lemma uniform_DD:
  assumes KD: "L = KD_D"
    and \<Pi>: "\<Pi> = \<Sigma>1 + image_mset (D {b}) \<Gamma>1" and \<Gamma>: "\<Gamma> = \<Sigma>2 + image_mset (D {b}) \<Gamma>2"
    and premise: "derivable L (\<Gamma>1 + \<Gamma>2) {#}" and nonempty: "\<Gamma>1 + \<Gamma>2 \<noteq> {#}"
    and \<Sigma>: "\<forall>x \<in># \<Sigma>1 + \<Sigma>2. sigmaD_ok b x" and \<Omega>: "\<forall>x \<in># \<Delta> + \<Lambda>. omega_ok x"
    and avoids: "\<forall>x \<in># \<Pi> + \<Lambda>. avoids p a x"
  shows "derivable L \<Pi> (add_mset interpolant \<Lambda>)"
proof -
  consider (right) "\<Gamma>2 = {#}" | (left) "\<Gamma>1 = {#}" | (both) "\<Gamma>1 \<noteq> {#}" "\<Gamma>2 \<noteq> {#}" by blast
  then show ?thesis
  proof cases
    case right
    then have "derivable L \<Pi> \<Lambda>"
      unfolding \<Pi> using KD premise nonempty \<Sigma> \<Omega> by (intro derivable.DD) auto
    then show ?thesis by (rule derivable_weaken(2))
  next
    case left
    then have "derivable L \<Gamma> \<Delta>"
      unfolding \<Gamma> using KD premise nonempty \<Sigma> \<Omega> by (intro derivable.DD) auto
    then show ?thesis by (rule derivable_sequent_imp_interpolant_R)
  next
    case both
    define M where "M = image_mset (Pair {b}) \<Gamma>2"
    define B where "B = f \<Gamma>2 {#}"
    have \<Gamma>_boxes: "\<Gamma> = \<Sigma>2 + image_mset (case_prod D) M" and snd_M: "image_mset snd M = \<Gamma>2"
      unfolding \<Gamma> M_def by (simp_all add: multiset.map_comp comp_def)
    have \<Gamma>1: "a \<noteq> b \<and> avoids p a y" if "y \<in># \<Gamma>1" for y
    proof -
      have "D {b} y \<in># \<Pi>" using that unfolding \<Pi> by simp
      then have "avoids p a (D {b} y)" using avoids by (metis union_iff)
      then show ?thesis by simp
    qed
    have "left_box_instance {b} M"
      unfolding left_box_instance_def
    proof (intro conjI)
      show "a \<notin> {b}" using \<Gamma>1 both(1) by (metis multiset_nonemptyE singletonD)
      show "{b} \<subseteq> agtsM \<Gamma>" using both(2) agts_subset_agtsM unfolding \<Gamma>
        by (metis (no_types, lifting) agts.simps(7) image_eqI le_supE multiset_nonemptyE set_image_mset union_iff)
      show "\<exists>\<Sigma>. \<Gamma> = \<Sigma> + image_mset (case_prod D) M \<and> (\<forall>x \<in># \<Sigma>. sigmaK_ok {b} x)"
        using \<Gamma>_boxes \<Sigma> wf_sequent unfolding \<Gamma> by (auto intro: sigmaD_ok_imp_sigmaK_ok)
      show "\<forall>x \<in># \<Delta>. omega_ok x" using \<Omega> by simp
    qed (use both(2) in \<open>simp_all add: M_def\<close>)
    then have "left_box_component {b} M \<in> components" unfolding components_def by blast
    moreover have "derivable L \<Pi> (add_mset (left_box_component {b} M) \<Lambda>)"
    proof -
      have smaller: "smaller \<Gamma>2 {#}"
        using smaller_boxes[OF \<Gamma>_boxes, of \<Delta> "{#}"] both(2) snd_M by (simp add: M_def)
      have "derivable L \<Gamma>1 {#B#}"
        using smaller_uniform[OF smaller, of \<Gamma>1 "{#}"] premise \<Gamma>1 by (simp add: B_def)
      then have "derivable L (\<Sigma>1 + image_mset (D {b}) (add_mset (Neg B) \<Gamma>1)) \<Lambda>"
        using KD \<Sigma> \<Omega> by (intro derivable.DD derivable.negL) auto
      then show ?thesis
        unfolding \<Pi> left_box_component_def snd_M B_def by (simp add: derivable.negR)
    qed
    ultimately show ?thesis by (rule derivable_interpolant_R)
  qed
qed

lemma interpolant_uniform:
  assumes "derivable L S T" "S = \<Pi> + \<Gamma>" "T = \<Delta> + \<Lambda>" "\<forall>x \<in># \<Pi> + \<Lambda>. avoids p a x"
  shows "derivable L \<Pi> (add_mset interpolant \<Lambda>)"
  using assms
proof (induction arbitrary: \<Pi> \<Lambda> rule: derivable_induct)
  case (init q S T)
  then show ?case using uniform_init by blast
next
  case (botL S T)
  from botL.prems(1) show ?case
  proof (cases rule: add_mset_eq_plus_cases)
    case (first \<Pi>0)
    then show ?thesis by (simp add: derivable.botL)
  next
    case (second \<Gamma>0)
    then have "derivable L \<Gamma> \<Delta>" by (simp add: derivable.botL)
    then show ?thesis by (rule derivable_sequent_imp_interpolant_R)
  qed
next
  case (left x S T)
  from left.prems(1) show ?case
  proof (cases rule: add_mset_eq_plus_cases)
    case (first \<Pi>0)
    have "derivable L (\<Gamma>' + \<Pi>0) (\<Delta>' + add_mset interpolant \<Lambda>)"
      if "(\<Gamma>', \<Delta>') \<in> set (left_premises x)" for \<Gamma>' \<Delta>'
    proof -
      have "\<forall>y \<in># (\<Gamma>' + \<Pi>0) + (\<Delta>' + \<Lambda>). avoids p a y"
        using avoids_premises[of \<Gamma>' \<Delta>' x] that left.prems(3) first by auto
      then show ?thesis using left.IH that left.prems(2) first by (auto simp: ac_simps)
    qed
    then show ?thesis unfolding first(1) using left.hyps by (intro derivable_left_rule) auto
  next
    case (second \<Gamma>0)
    then show ?thesis using left by (intro uniform_left_rule_principal_in_sequent) (auto simp: ac_simps)
  qed
next
  case (right x S T)
  from right.prems(2) show ?case
  proof (cases rule: add_mset_eq_plus_cases)
    case (first \<Delta>0)
    then show ?thesis using right by (intro uniform_right_rule_principal_in_sequent) (auto simp: ac_simps)
  next
    case (second \<Lambda>0)
    have "derivable L (\<Gamma>' + \<Pi>) (\<Delta>' + add_mset interpolant \<Lambda>0)"
      if "(\<Gamma>', \<Delta>') \<in> set (right_premises x)" for \<Gamma>' \<Delta>'
    proof -
      have "\<forall>y \<in># (\<Gamma>' + \<Pi>) + (\<Delta>' + \<Lambda>0). avoids p a y"
        using avoids_premises[of \<Gamma>' \<Delta>' x] that right.prems(3) second by auto
      then show ?thesis using right.IH that right.prems(1) second by (auto simp: ac_simps)
    qed
    then have "derivable L \<Pi> (add_mset x (add_mset interpolant \<Lambda>0))"
      using right.hyps by (intro derivable_right_rule) auto
    then show ?thesis unfolding second(1) by (simp add: add_mset_commute)
  qed
next
  case (DK M \<beta> G \<Sigma> \<Omega>)
  obtain \<Sigma>1 \<Sigma>2 M1 M2 where split: "\<Sigma> = \<Sigma>1 + \<Sigma>2" "M = M1 + M2"
    and \<Pi>: "\<Pi> = \<Sigma>1 + image_mset (case_prod D) M1" and \<Gamma>: "\<Gamma> = \<Sigma>2 + image_mset (case_prod D) M2"
    using plus_eq_plus_image_mset_split[OF DK.prems(1)] .
  from DK.prems(2) show ?case
  proof (cases rule: add_mset_eq_plus_cases)
    case (first \<Delta>0)
    then show ?thesis using DK.hyps DK.prems(3) split
      by (intro uniform_DK_principal_in_sequent[OF \<Pi> \<Gamma> first(1)]) auto
  next
    case (second \<Lambda>0)
    then show ?thesis using DK.hyps DK.prems(3) split
      by (intro uniform_DK_principal_in_context[OF \<Pi> \<Gamma> second(1)]) auto
  qed
next
  case (DD \<Gamma>' \<Sigma> b \<Omega>)
  obtain \<Sigma>1 \<Sigma>2 \<Gamma>1 \<Gamma>2 where split: "\<Sigma> = \<Sigma>1 + \<Sigma>2" "\<Gamma>' = \<Gamma>1 + \<Gamma>2"
    and \<Pi>: "\<Pi> = \<Sigma>1 + image_mset (D {b}) \<Gamma>1" and \<Gamma>: "\<Gamma> = \<Sigma>2 + image_mset (D {b}) \<Gamma>2"
    using plus_eq_plus_image_mset_split[OF DD.prems(1)] .
  show ?case
    using DD.hyps DD.prems(2,3) split by (intro uniform_DD[OF _ \<Pi> \<Gamma>]) auto
qed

## DIRECTIONS FOR THIS TASK:
Above are the records. Print exactly, and only, the lines from the line with "by (metis (no_types, lifting)" to the line with "D) M \<and>", both inclusive.

## RESULT FOR THIS TASK:
        by (metis (no_types, lifting) agts.simps(7) image_eqI le_supE multiset_nonemptyE set_image_mset union_iff)
      show "\<exists>\<Sigma>. \<Gamma> = \<Sigma> + image_mset (case_prod D) M \<and> (\<forall>x \<in># \<Sigma>. sigmaK_ok {b} x)"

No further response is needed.